___ DATA

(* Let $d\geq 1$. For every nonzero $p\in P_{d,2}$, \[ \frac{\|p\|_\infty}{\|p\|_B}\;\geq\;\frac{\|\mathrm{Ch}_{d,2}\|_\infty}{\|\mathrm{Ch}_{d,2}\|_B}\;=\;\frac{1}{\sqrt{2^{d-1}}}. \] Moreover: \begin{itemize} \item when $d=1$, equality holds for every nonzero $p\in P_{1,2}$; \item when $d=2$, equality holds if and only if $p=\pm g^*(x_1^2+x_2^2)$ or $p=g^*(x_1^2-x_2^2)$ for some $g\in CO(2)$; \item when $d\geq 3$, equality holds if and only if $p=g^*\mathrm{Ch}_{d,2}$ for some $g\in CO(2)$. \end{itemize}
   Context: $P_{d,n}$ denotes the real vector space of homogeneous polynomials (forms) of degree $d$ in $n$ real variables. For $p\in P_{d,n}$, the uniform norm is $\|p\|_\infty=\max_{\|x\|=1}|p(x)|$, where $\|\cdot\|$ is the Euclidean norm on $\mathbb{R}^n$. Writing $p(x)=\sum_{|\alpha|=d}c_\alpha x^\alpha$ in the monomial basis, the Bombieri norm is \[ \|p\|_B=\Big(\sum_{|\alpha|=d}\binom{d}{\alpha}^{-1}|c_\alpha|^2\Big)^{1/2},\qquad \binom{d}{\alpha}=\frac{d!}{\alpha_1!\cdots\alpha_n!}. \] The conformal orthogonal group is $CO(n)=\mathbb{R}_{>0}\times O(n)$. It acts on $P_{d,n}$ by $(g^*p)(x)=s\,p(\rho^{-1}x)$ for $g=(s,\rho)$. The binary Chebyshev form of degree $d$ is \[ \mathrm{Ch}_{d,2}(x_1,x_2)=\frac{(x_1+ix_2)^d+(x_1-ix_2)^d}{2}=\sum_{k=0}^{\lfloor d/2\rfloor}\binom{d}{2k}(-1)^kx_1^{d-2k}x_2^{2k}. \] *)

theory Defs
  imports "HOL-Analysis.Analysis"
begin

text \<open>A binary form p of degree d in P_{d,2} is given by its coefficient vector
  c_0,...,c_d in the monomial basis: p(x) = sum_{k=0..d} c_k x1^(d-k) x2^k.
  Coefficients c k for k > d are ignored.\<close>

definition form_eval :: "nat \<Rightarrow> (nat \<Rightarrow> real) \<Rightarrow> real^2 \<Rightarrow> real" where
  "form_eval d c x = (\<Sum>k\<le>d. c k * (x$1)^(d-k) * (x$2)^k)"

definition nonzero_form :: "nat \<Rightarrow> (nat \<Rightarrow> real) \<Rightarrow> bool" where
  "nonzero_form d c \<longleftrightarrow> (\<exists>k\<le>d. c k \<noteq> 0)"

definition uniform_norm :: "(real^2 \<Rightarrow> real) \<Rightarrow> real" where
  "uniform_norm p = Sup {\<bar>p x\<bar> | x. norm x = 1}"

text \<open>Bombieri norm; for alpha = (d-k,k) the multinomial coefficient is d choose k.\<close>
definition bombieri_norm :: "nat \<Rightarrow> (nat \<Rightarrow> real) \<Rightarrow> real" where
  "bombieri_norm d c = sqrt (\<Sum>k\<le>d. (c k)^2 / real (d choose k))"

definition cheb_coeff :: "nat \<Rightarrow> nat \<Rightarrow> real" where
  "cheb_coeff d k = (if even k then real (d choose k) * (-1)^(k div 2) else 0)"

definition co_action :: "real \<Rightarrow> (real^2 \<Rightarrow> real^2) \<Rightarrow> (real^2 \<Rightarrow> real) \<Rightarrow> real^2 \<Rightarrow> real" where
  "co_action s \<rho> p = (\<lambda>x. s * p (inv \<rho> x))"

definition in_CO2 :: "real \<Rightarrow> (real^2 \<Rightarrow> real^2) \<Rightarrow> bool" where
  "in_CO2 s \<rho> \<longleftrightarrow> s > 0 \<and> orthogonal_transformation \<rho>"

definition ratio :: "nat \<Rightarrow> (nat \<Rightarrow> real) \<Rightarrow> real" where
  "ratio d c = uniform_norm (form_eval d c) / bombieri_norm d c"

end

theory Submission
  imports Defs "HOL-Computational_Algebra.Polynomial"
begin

______

WHAT YOU ARE ASKED TO DO
Could you count the lines in the entries that hold the word "choose"? Only the number is wanted.

TASK OUTPUT
3